Start of EXERCISE DATA

(* Let $\epsilon\in(0,1)$ and let $D$ be a joint distribution of $(\mathbf{x},y)$ on $\mathbb{R}^d\times\{\pm1\}$ with $\mathbf{x}$-marginal $\mathcal{N}_d$. Suppose $D$ satisfies the reliability condition with respect to $f(\mathbf{x})=\mathrm{sign}(\langle\mathbf{w}^*,\mathbf{x}\rangle-t^* )$, with $\mathbf{w}^*$ a unit vector. Let $\mathbf{w}$ be a unit vector with $\langle\mathbf{w},\mathbf{w}^*\rangle>0$, let $t$ satisfy $t-t^*\in[0,\epsilon/100]$, and suppose $h(\mathbf{x})=\mathrm{sign}(\langle\mathbf{w},\mathbf{x}\rangle-t)$ does not satisfy $R_+(h;D)\le\epsilon/2$. Let $B=\{\mathbf{x}\in\mathbb{R}^d:\langle\mathbf{w},\mathbf{x}\rangle-t\ge0\}$ and let $D'$ be the distribution of $(\mathbf{x}',y)=(\mathbf{x}^{\perp\mathbf{w}},y)$ for $(\mathbf{x},y)\sim D$ conditioned on $\mathbf{x}\in B$. Then: (1) $D'$ has $\mathbf{x}'$-marginal $\mathcal{N}_{d-1}$; (2) $D'$ satisfies the reliability condition with respect to $h'(\mathbf{x})=\mathrm{sign}(\langle\mathbf{w}',\mathbf{x}\rangle-t')$ for $\mathbf{w}'={\mathbf{w}^*}^{\perp\mathbf{w}}/\|{\mathbf{w}^*}^{\perp\mathbf{w}}\|_2$ and some $t'$ with $|t'|\le|t^*|$; (3) $\Pr_{(\mathbf{x}',y)\sim D'}[y=-1]\ge\epsilon/2$.
   Context: A distribution $D$ on $X\times\{\pm1\}$ satisfies the reliability condition with respect to $f$ if $\Pr_{(\mathbf{x},y)\sim D}[f(\mathbf{x})=+1\wedge y=-1]=0$. $R_+(h;D)=\Pr_{(\mathbf{x},y)\sim D}[h(\mathbf{x})=1\wedge y=-1]$. For $\mathbf{x}\in\mathbb{R}^d$ and a unit vector $\mathbf{w}$, $\mathbf{x}^{\perp\mathbf{w}}\in\mathbb{R}^{d-1}$ denotes the coordinates, with respect to a fixed orthonormal basis $\mathbf{B}$ of the orthogonal complement of $\mathbf{w}$, of the projection of $\mathbf{x}$ onto that complement, i.e. $\mathbf{x}^{\perp\mathbf{w}}=\mathbf{B}^\top\mathbf{x}$. *)

theory Defs
  imports "HOL-Probability.Probability"
begin

text \<open>Sign convention: sign(z) = +1 for z \<ge> 0 and -1 otherwise (matching the
  halfspace B = {x. w.x - t \<ge> 0} on which h = +1).\<close>
definition hsign :: "real \<Rightarrow> real" where
  "hsign z = (if z \<ge> 0 then 1 else -1)"

definition std_gaussian :: "'a::euclidean_space measure" where
  "std_gaussian = density lborel
     (\<lambda>x. ennreal ((2 * pi) powr (- real DIM('a) / 2) * exp (- (norm x)\<^sup>2 / 2)))"

definition reliable :: "('a \<times> real) measure \<Rightarrow> ('a \<Rightarrow> real) \<Rightarrow> bool" where
  "reliable D f \<longleftrightarrow> measure D {(x, y). f x = 1 \<and> y = -1} = 0"

definition R_plus :: "('a \<Rightarrow> real) \<Rightarrow> ('a \<times> real) measure \<Rightarrow> real" where
  "R_plus h D = measure D {(x, y). h x = 1 \<and> y = -1}"

text \<open>Coordinates of the projection onto the orthogonal complement of w w.r.t. the
  orthonormal basis {b i | i \<in> Basis}: x^{\<perp>w} = B^T x.\<close>
definition perp_coords :: "('b::euclidean_space \<Rightarrow> 'a::euclidean_space) \<Rightarrow> 'a \<Rightarrow> 'b" where
  "perp_coords b x = (\<Sum>i\<in>Basis. (b i \<bullet> x) *\<^sub>R i)"

end

theory Submission
  imports Defs
begin

text \<open>In coordinates where \<open>w\<close> is the last axis, \<open>x \<mapsto> (x\<^sup>\<perp>, w \<bullet> x)\<close> is a linear isometry
  onto \<open>\<real>\<^sup>d\<^sup>-\<^sup>1 \<times> \<real>\<close>. Lebesgue measure, hence the standard Gaussian, is invariant under linear
  isometries, and the Gaussian density factorises over this product; so conditioning on the
  halfspace \<open>B = {x. w \<bullet> x \<ge> t}\<close> leaves \<open>x\<^sup>\<perp>\<close> standard Gaussian.
  Decompose \<open>w\<^sup>* \<bullet> x = w\<^sup>*\<^sup>\<perp> \<bullet> x\<^sup>\<perp> + a (w \<bullet> x)\<close> with \<open>a = w \<bullet> w\<^sup>* > 0\<close> and
  \<open>c = norm w\<^sup>*\<^sup>\<perp> = sqrt (1 - a\<^sup>2)\<close>. For \<open>t' = t\<^sup>* (1 - a) / c\<close>, every \<open>x \<in> B\<close> with
  \<open>w' \<bullet> x\<^sup>\<perp> \<ge> t'\<close> has \<open>w\<^sup>* \<bullet> x \<ge> t\<^sup>* (1 - a) + a t\<^sup>* = t\<^sup>*\<close> because \<open>t\<^sup>* \<le> t\<close>; so
  the reliability of \<open>D\<close> is inherited, and \<open>|t'| \<le> |t\<^sup>*|\<close> because \<open>(1 - a)\<^sup>2 \<le> 1 - a\<^sup>2\<close>.
  Finally, conditioning on \<open>B\<close> cannot decrease the probability of \<open>B \<times> {-1}\<close>, which exceeds
  \<open>\<epsilon>/2\<close> because \<open>h\<close> violates the reliability bound.\<close>

section \<open>Lebesgue measure is invariant under linear isometries\<close>

lemma lborel_distr_orthogonal_transformation:
  fixes Q :: "real^'n::{finite,wellorder} \<Rightarrow> real^'n::_"
  assumes Q: "orthogonal_transformation Q"
  shows "distr lborel borel Q = lborel"
proof (rule lborel_eqI[symmetric])
  have "linear Q" using Q orthogonal_transformation_linear by blast
  then have [measurable]: "Q \<in> borel_measurable borel"
    by (simp add: borel_measurable_continuous_onI linear_continuous_on linear_conv_bounded_linear)
  have Q': "orthogonal_transformation (inv Q)" using Q orthogonal_transformation_inv by blast
  have vimage_eq: "Q -` S = inv Q ` S" for S
    using Q orthogonal_transformation_bij bij_vimage_eq_inv_image by blast
  fix l u :: "real^'n::_" assume le: "\<And>b. b \<in> Basis \<Longrightarrow> l \<bullet> b \<le> u \<bullet> b"
  have "Q -` box l u \<in> sets borel"
    using measurable_sets_borel[of Q borel "box l u"] by simp
  then have "emeasure (distr lborel borel Q) (box l u) = emeasure lebesgue (Q -` box l u)"
    by (simp add: emeasure_distr)
  also have "\<dots> = measure lebesgue (box l u)"
    unfolding vimage_eq using measurable_orthogonal_image[OF Q' lmeasurable_box] measure_orthogonal_image[OF Q' lmeasurable_box]
    by (simp add: emeasure_eq_measure2)
  also have "\<dots> = (\<Prod>b\<in>Basis. (u - l) \<bullet> b)"
    using le by (simp add: emeasure_eq_measure2[symmetric] emeasure_lborel_box_eq box_eq_empty inner_diff_left prod_nonneg)
  finally show "emeasure (distr lborel borel Q) (box l u) = (\<Prod>b\<in>Basis. (u - l) \<bullet> b)" .
qed simp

End of EXERCISE DATA

## WHAT IS REQUIRED
Exact copies of the lines from the one holding "by (simp add: borel_measurable_continuous_onI" to the end of the entries are all that should be written.

## REPLY TO THE TASK
    by (simp add: borel_measurable_continuous_onI linear_continuous_on linear_conv_bounded_linear)
  have Q': "orthogonal_transformation (inv Q)" using Q orthogonal_transformation_inv by blast
  have vimage_eq: "Q -` S = inv Q ` S" for S
    using Q orthogonal_transformation_bij bij_vimage_eq_inv_image by blast
  fix l u :: "real^'n::_" assume le: "\<And>b. b \<in> Basis \<Longrightarrow> l \<bullet> b \<le> u \<bullet> b"
  have "Q -` box l u \<in> sets borel"
    using measurable_sets_borel[of Q borel "box l u"] by simp
  then have "emeasure (distr lborel borel Q) (box l u) = emeasure lebesgue (Q -` box l u)"
    by (simp add: emeasure_distr)
  also have "\<dots> = measure lebesgue (box l u)"
    unfolding vimage_eq using measurable_orthogonal_image[OF Q' lmeasurable_box] measure_orthogonal_image[OF Q' lmeasurable_box]
    by (simp add: emeasure_eq_measure2)
  also have "\<dots> = (\<Prod>b\<in>Basis. (u - l) \<bullet> b)"
    using le by (simp add: emeasure_eq_measure2[symmetric] emeasure_lborel_box_eq box_eq_empty inner_diff_left prod_nonneg)
  finally show "emeasure (distr lborel borel Q) (box l u) = (\<Prod>b\<in>Basis. (u - l) \<bullet> b)" .
qed simp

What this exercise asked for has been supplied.